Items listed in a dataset
===============

(* Let $f(z)$ and $g(z)$ be two non-constant entire functions with ${\rm Aut}(f)\subseteq{\rm Aut}(g)$. Then $f'$ divides $g'$ in the algebra of entire functions, i.e. there is an entire function $H$ with $g'(z)=H(z)f'(z)$. Moreover, there exists a function $G(w,z)$, entire in $w$ and holomorphic in $z\in\mathbb{C}-g^{-1}(g(0))-f^{-1}(f(0))$, such that $g(w)-g(z)=(f(w)-f(z))\cdot G(w,z)$.
   Context: For a non-constant entire function $f$, an automorphic function of $f$ is a (generally multivalued) analytic function $\phi$, or a branch of one on a domain, satisfying $f(\phi(z))=f(z)$; ${\rm Aut}(f)$ is the set (group under composition) of all of them. ${\rm Aut}(f)\subseteq{\rm Aut}(g)$ means every automorphic function of $f$ is an automorphic function of $g$. *)

theory Defs
  imports "HOL-Complex_Analysis.Complex_Analysis"
begin

text \<open>A branch of an automorphic function of f on a domain U (nonempty open connected set):
  an analytic phi on U with f (phi z) = f z for all z in U.\<close>
definition aut_branch :: "(complex \<Rightarrow> complex) \<Rightarrow> complex set \<Rightarrow> (complex \<Rightarrow> complex) \<Rightarrow> bool" where
  "aut_branch f U \<phi> \<longleftrightarrow> open U \<and> connected U \<and> U \<noteq> {} \<and> \<phi> holomorphic_on U \<and>
     (\<forall>z\<in>U. f (\<phi> z) = f z)"

definition Aut_subset :: "(complex \<Rightarrow> complex) \<Rightarrow> (complex \<Rightarrow> complex) \<Rightarrow> bool" where
  "Aut_subset f g \<longleftrightarrow> (\<forall>U \<phi>. aut_branch f U \<phi> \<longrightarrow> aut_branch g U \<phi>)"

end

theory Submission
  imports Defs
begin

text \<open>If \<open>\<psi>\<close> is a local inverse of \<open>f\<close> near a regular point \<open>q\<close>, then \<open>\<psi> \<circ> f\<close> is an
  automorphic function of \<open>f\<close> near any \<open>p\<close> with \<open>f p = f q\<close> and maps \<open>p\<close> to \<open>q\<close>; as it is also
  automorphic for \<open>g\<close>, we get \<open>g p = g q\<close>. Regular points are dense and \<open>f\<close> is an open map, so
  \<open>g\<close> is constant on every fibre of \<open>f\<close> and factors as \<open>g = N \<circ> f\<close> on the open set \<open>f(\<complex>)\<close>.
  The map \<open>N\<close> is holomorphic at regular values (it is \<open>g \<circ> \<psi>\<close> there), and the critical points
  are isolated, so every critical value is a removable singularity of the continuous function
  \<open>N\<close>. Then \<open>g' = (N' \<circ> f) f'\<close>, and \<open>G(w, z)\<close> is the difference quotient of \<open>N\<close> at
  \<open>(f w, f z)\<close>.\<close>

lemma holomorphic_local_inverse:
  assumes "f holomorphic_on S" "open S" "q \<in> S" "deriv f q \<noteq> 0"
  obtains W \<psi> where "open W" "f q \<in> W" "\<psi> holomorphic_on W" "\<And>y. y \<in> W \<Longrightarrow> f (\<psi> y) = y"
    "\<psi> (f q) = q"
proof -
  obtain r where r: "r > 0" "ball q r \<subseteq> S" "open (f ` ball q r)" "inj_on f (ball q r)"
    by (rule has_complex_derivative_locally_invertible[OF assms(1,3,2,4)])
  show ?thesis
  proof (rule holomorphic_has_inverse[OF holomorphic_on_subset[OF assms(1) r(2)] open_ball r(4)])
    fix \<psi> assume \<psi>: "\<psi> holomorphic_on f ` ball q r" "\<And>z. z \<in> ball q r \<Longrightarrow> \<psi> (f z) = z"
    show thesis
    proof (rule that[OF r(3) _ \<psi>(1)])
      show "f q \<in> f ` ball q r" "\<psi> (f q) = q"
        using r(1) \<psi>(2) by simp_all
      show "\<And>y. y \<in> f ` ball q r \<Longrightarrow> f (\<psi> y) = y"
        using \<psi>(2) by auto
    qed
  qed
qed

lemma entire_eventually_deriv_nonzero:
  assumes hf: "f holomorphic_on UNIV" and nc: "\<not> f constant_on UNIV"
  shows "\<forall>\<^sub>F w in at z. deriv f w \<noteq> 0"
proof -
  have "\<exists>\<beta>. deriv f \<beta> \<noteq> 0"
  proof (rule ccontr)
    assume "\<nexists>\<beta>. deriv f \<beta> \<noteq> 0"
    then have "\<And>x. (f has_field_derivative 0) (at x within UNIV)"
      using hf by (metis DERIV_deriv_iff_field_differentiable UNIV_I
          holomorphic_on_imp_differentiable_at open_UNIV)
    then have "f constant_on UNIV"
      using has_field_derivative_zero_constant[of UNIV f] unfolding constant_on_def by auto
    with nc show False ..
  qed
  then obtain \<beta> where "deriv f \<beta> \<noteq> 0" ..
  then show ?thesis
    using non_zero_neighbour_alt[OF holomorphic_deriv[OF hf open_UNIV] open_UNIV connected_UNIV
        UNIV_I UNIV_I] by simp
qed

lemma Aut_subset_fibre_regular:
  assumes hf: "f holomorphic_on UNIV" and A: "Aut_subset f g"
    and reg: "deriv f q \<noteq> 0" and fibre: "f p = f q"
  shows "g p = g q"
proof -
  obtain W \<psi> where W: "open W" "f q \<in> W" "\<psi> holomorphic_on W" "\<And>y. y \<in> W \<Longrightarrow> f (\<psi> y) = y"
    "\<psi> (f q) = q"
    using holomorphic_local_inverse[OF hf open_UNIV UNIV_I reg] by blast
  have "open (f -` W)"
    using W(1) holomorphic_on_imp_continuous_on[OF hf] by (simp add: continuous_on_open_vimage)
  then obtain \<epsilon> where \<epsilon>: "\<epsilon> > 0" "ball p \<epsilon> \<subseteq> f -` W"
    using W(2) fibre by (metis open_contains_ball vimageI2)
  have "aut_branch f (ball p \<epsilon>) (\<psi> \<circ> f)"
    unfolding aut_branch_def using \<epsilon> W(4)
    by (auto intro!: holomorphic_on_compose_gen[OF holomorphic_on_subset[OF hf] W(3)])
  then have "aut_branch g (ball p \<epsilon>) (\<psi> \<circ> f)"
    using A unfolding Aut_subset_def by blast
  then have "g (\<psi> (f p)) = g p"
    unfolding aut_branch_def using \<epsilon>(1) by auto
  then show ?thesis
    using fibre W(5) by simp
qed

lemma entire_open_mapping:
  assumes "f holomorphic_on UNIV" "\<not> f constant_on UNIV" "open U"
  shows "open (f ` U)"
  using open_mapping_thm[OF assms(1) open_UNIV connected_UNIV assms(3) _ assms(2)] by simp

lemma Aut_subset_fibre:
  assumes hf: "f holomorphic_on UNIV" and nc: "\<not> f constant_on UNIV"
    and hg: "g holomorphic_on UNIV" and A: "Aut_subset f g" and fibre: "f a = f b"
  shows "g a = g b"
proof -
  have cont: "isCont g x" "isCont f x" for x
    using hf hg
    by (simp_all add: holomorphic_on_imp_differentiable_at field_differentiable_imp_continuous_at)
  have "dist (g a) (g b) < \<epsilon>" if "\<epsilon> > 0" for \<epsilon>
  proof -
    obtain d\<^sub>a where d\<^sub>a: "d\<^sub>a > 0" "\<And>x. dist x a < d\<^sub>a \<Longrightarrow> dist (g x) (g a) < \<epsilon>/2"
      using cont(1)[of a] \<open>\<epsilon> > 0\<close> unfolding continuous_at_eps_delta by (meson half_gt_zero)
    have "open (f ` ball a d\<^sub>a)" "f a \<in> f ` ball a d\<^sub>a"
      using entire_open_mapping[OF hf nc] d\<^sub>a(1) by simp_all
    then obtain \<eta> where \<eta>: "\<eta> > 0" "ball (f a) \<eta> \<subseteq> f ` ball a d\<^sub>a"
      using open_contains_ball by blast
    obtain d\<^sub>g where d\<^sub>g: "d\<^sub>g > 0" "\<And>x. dist x b < d\<^sub>g \<Longrightarrow> dist (g x) (g b) < \<epsilon>/2"
      using cont(1)[of b] \<open>\<epsilon> > 0\<close> unfolding continuous_at_eps_delta by (meson half_gt_zero)
    obtain d\<^sub>f where d\<^sub>f: "d\<^sub>f > 0" "\<And>x. dist x b < d\<^sub>f \<Longrightarrow> dist (f x) (f b) < \<eta>"
      using cont(2)[of b] \<eta>(1) unfolding continuous_at_eps_delta by meson
    have "\<forall>\<^sub>F z in at b. deriv f z \<noteq> 0 \<and> z \<in> ball b (min d\<^sub>g d\<^sub>f)"
      using entire_eventually_deriv_nonzero[OF hf nc] eventually_at_ball[of "min d\<^sub>g d\<^sub>f" b UNIV]
        d\<^sub>g(1) d\<^sub>f(1) by (simp add: eventually_conj)
    then obtain z where z: "deriv f z \<noteq> 0" "dist z b < min d\<^sub>g d\<^sub>f"
      using eventually_happens'[OF at_neq_bot] by (auto simp: dist_commute)
    then have "f z \<in> f ` ball a d\<^sub>a"
      using d\<^sub>f(2)[of z] \<eta>(2) fibre by (auto simp: dist_commute)
    then obtain w where w: "dist a w < d\<^sub>a" "f w = f z" by auto
    have "dist (g a) (g b) \<le> dist (g w) (g a) + dist (g z) (g b)"
      using Aut_subset_fibre_regular[OF hf A z(1) w(2)] dist_triangle[of "g a" "g b" "g w"]
      by (simp add: dist_commute)
    also have "\<dots> < \<epsilon>"
      using d\<^sub>a(2)[of w] d\<^sub>g(2)[of z] w z by (simp add: dist_commute)
    finally show ?thesis .
  qed
  then show ?thesis
    using dist_pos_lt by blast
qed

definition factor_map :: "('a \<Rightarrow> 'b) \<Rightarrow> ('a \<Rightarrow> 'c) \<Rightarrow> 'b \<Rightarrow> 'c" where
  "factor_map f g u = g (SOME x. f x = u)"

lemma factor_map_eq:
  assumes "\<And>a b. f a = f b \<Longrightarrow> g a = g b"
  shows "factor_map f g (f x) = g x"
  unfolding factor_map_def by (metis (mono_tags) assms someI)

lemma factor_map_continuous_on:
  fixes f :: "'a::topological_space \<Rightarrow> 'b::topological_space" and g :: "'a \<Rightarrow> 'c::topological_space"
  assumes fibres: "\<And>a b. f a = f b \<Longrightarrow> g a = g b"
    and "continuous_on UNIV g" and open_map: "\<And>U. open U \<Longrightarrow> open (f ` U)"
  shows "continuous_on (range f) (factor_map f g)"
  unfolding continuous_on_open_invariant
proof (intro allI impI)
  fix B :: "'c set"
  assume "open B"
  let ?A = "f ` (g -` B)"
  have "open ?A"
    using open_map open_vimage[OF \<open>open B\<close> assms(2)] .
  moreover have "?A \<inter> range f = factor_map f g -` B \<inter> range f"
    using factor_map_eq[of f g, OF fibres] by auto
  ultimately show "\<exists>A. open A \<and> A \<inter> range f = factor_map f g -` B \<inter> range f"
    by blast
qed

lemma factor_map_differentiable_at_regular:
  assumes hf: "f holomorphic_on UNIV" and hg: "g holomorphic_on UNIV"
    and fibres: "\<And>a b. f a = f b \<Longrightarrow> g a = g b" and reg: "deriv f q \<noteq> 0"
  shows "factor_map f g field_differentiable at (f q)"
proof -
  obtain W \<psi> where W: "open W" "f q \<in> W" "\<psi> holomorphic_on W" "\<And>y. y \<in> W \<Longrightarrow> f (\<psi> y) = y"
    "\<psi> (f q) = q"
    using holomorphic_local_inverse[OF hf open_UNIV UNIV_I reg] by blast
  have "(g \<circ> \<psi>) holomorphic_on W"
    using holomorphic_on_compose_gen[OF W(3) hg] by simp
  moreover have "\<And>y. y \<in> W \<Longrightarrow> (g \<circ> \<psi>) y = factor_map f g y"
    using factor_map_eq[of f g, OF fibres] W(4) by (metis comp_apply)
  ultimately have "factor_map f g holomorphic_on W"
    by (rule holomorphic_transform)
  then show ?thesis
    using W(1,2) holomorphic_on_imp_differentiable_at by blast
qed

lemma factor_map_holomorphic_on:
  assumes hf: "f holomorphic_on UNIV" and nc: "\<not> f constant_on UNIV"
    and hg: "g holomorphic_on UNIV" and fibres: "\<And>a b. f a = f b \<Longrightarrow> g a = g b"
  shows "factor_map f g holomorphic_on range f"
  unfolding holomorphic_on_def
proof
  fix u assume "u \<in> range f"
  then obtain p where "u = f p" by blast
  have "\<exists>r>0. \<forall>z. z \<noteq> p \<and> dist z p < r \<longrightarrow> deriv f z \<noteq> 0"
    using entire_eventually_deriv_nonzero[OF hf nc, of p] by (simp add: eventually_at)
  then obtain r where r: "r > 0" "\<And>z. z \<in> ball p r \<Longrightarrow> z \<noteq> p \<Longrightarrow> deriv f z \<noteq> 0"
    by (auto simp: dist_commute)
  let ?V = "f ` ball p r"
  have "open ?V"
    by (rule entire_open_mapping[OF hf nc open_ball])
  have "factor_map f g holomorphic_on ?V"
  proof (rule no_isolated_singularity[where K = "{f p}"])
    have "continuous_on (range f) (factor_map f g)"
      using fibres holomorphic_on_imp_continuous_on[OF hg] entire_open_mapping[OF hf nc]
      by (rule factor_map_continuous_on)
    then show "continuous_on ?V (factor_map f g)"
      by (rule continuous_on_subset) blast
    show "factor_map f g holomorphic_on ?V - {f p}"
      unfolding holomorphic_on_def
    proof
      fix v assume "v \<in> ?V - {f p}"
      then obtain w where w: "w \<in> ball p r" "w \<noteq> p" "v = f w" by blast
      then have "factor_map f g field_differentiable at v"
        using factor_map_differentiable_at_regular[OF hf hg fibres r(2)] by simp
      then show "factor_map f g field_differentiable at v within ?V - {f p}"
        by (rule field_differentiable_at_within)
    qed
  qed (use \<open>open ?V\<close> in simp_all)
  moreover have "u \<in> ?V"
    using \<open>u = f p\<close> r(1) by simp
  ultimately have "factor_map f g field_differentiable at u"
    using \<open>open ?V\<close> holomorphic_on_imp_differentiable_at by blast
  then show "factor_map f g field_differentiable at u within range f"
    by (rule field_differentiable_at_within)
qed

lemma holomorphic_difference_quotient_compose:
  assumes hN: "N holomorphic_on R" and "open R" and hf: "f holomorphic_on UNIV" and "range f \<subseteq> R"
  obtains G where "\<And>z. (\<lambda>w. G w z) holomorphic_on UNIV" "\<And>w. (\<lambda>z. G w z) holomorphic_on UNIV"
    "\<And>w z. N (f w) - N (f z) = (f w - f z) * G w z"
proof -
  define Q where "Q v u = (if u = v then deriv N v else (N u - N v) / (u - v))" for v u
  have Q_sym: "Q v u = Q u v" for u v
    unfolding Q_def by (auto simp: divide_simps) (auto simp: algebra_simps)
  have "(\<lambda>w. Q (f z) (f w)) holomorphic_on UNIV" for z
  proof -
    have "Q (f z) holomorphic_on R"
      unfolding Q_def using pole_lemma[OF hN] assms(2,4) by (auto simp: interior_open)
    then show ?thesis
      using holomorphic_on_compose_gen[OF hf, of "Q (f z)" R] assms(4) by (auto simp: comp_def)
  qed
  moreover have "N (f w) - N (f z) = (f w - f z) * Q (f z) (f w)" for w z
    by (cases "f w = f z") (simp_all add: Q_def)
  ultimately show ?thesis
    by (intro that[of "\<lambda>w z. Q (f z) (f w)"]) (simp_all add: Q_sym)
qed

theorem proposition5:
  fixes f g :: "complex \<Rightarrow> complex"
  assumes "f holomorphic_on UNIV" and "g holomorphic_on UNIV"
    and "\<not> (\<exists>c. \<forall>z. f z = c)" and "\<not> (\<exists>c. \<forall>z. g z = c)"
    and "Aut_subset f g"
  shows "(\<exists>H. H holomorphic_on UNIV \<and> (\<forall>z. deriv g z = H z * deriv f z))
    \<and> (\<exists>G :: complex \<Rightarrow> complex \<Rightarrow> complex.
          (\<forall>z \<in> UNIV - g -` {g 0} - f -` {f 0}. (\<lambda>w. G w z) holomorphic_on UNIV)
        \<and> (\<forall>w. (\<lambda>z. G w z) holomorphic_on (UNIV - g -` {g 0} - f -` {f 0}))
        \<and> (\<forall>w. \<forall>z \<in> UNIV - g -` {g 0} - f -` {f 0}. g w - g z = (f w - f z) * G w z))"
proof -
  note hf = assms(1) and hg = assms(2)
  have nc: "\<not> f constant_on UNIV"
    using assms(3) unfolding constant_on_def by simp
  have fibres: "\<And>a b. f a = f b \<Longrightarrow> g a = g b"
    using Aut_subset_fibre[OF hf nc hg assms(5)] .
  define N where "N = factor_map f g"
  have g_eq: "g = N \<circ> f"
    using factor_map_eq[of f g, OF fibres] by (auto simp: N_def)
  have hN: "N holomorphic_on range f"
    unfolding N_def by (rule factor_map_holomorphic_on[OF hf nc hg fibres])
  have "open (range f)"
    by (rule entire_open_mapping[OF hf nc open_UNIV])
  have "(\<lambda>z. deriv N (f z)) holomorphic_on UNIV"
    using holomorphic_deriv_compose[OF hN hf _ \<open>open (range f)\<close>] by simp
  moreover have "deriv g z = deriv N (f z) * deriv f z" for z
    unfolding g_eq using hf hN \<open>open (range f)\<close>
    by (intro deriv_chain) (auto intro: holomorphic_on_imp_differentiable_at)
  moreover obtain G where "\<And>z. (\<lambda>w. G w z) holomorphic_on UNIV" "\<And>w. (\<lambda>z. G w z) holomorphic_on UNIV"
    "\<And>w z. g w - g z = (f w - f z) * G w z"
    using holomorphic_difference_quotient_compose[OF hN \<open>open (range f)\<close> hf subset_refl] g_eq
    by (metis comp_apply)
  ultimately show ?thesis
    by (blast intro: holomorphic_on_subset)
qed

end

===============

* **Problem to work on**
Where a line of the entries contains the word "meson", copy that line.

* **Response to the task**
      using cont(1)[of a] \<open>\<epsilon> > 0\<close> unfolding continuous_at_eps_delta by (meson half_gt_zero)
      using cont(1)[of b] \<open>\<epsilon> > 0\<close> unfolding continuous_at_eps_delta by (meson half_gt_zero)
      using cont(2)[of b] \<eta>(1) unfolding continuous_at_eps_delta by meson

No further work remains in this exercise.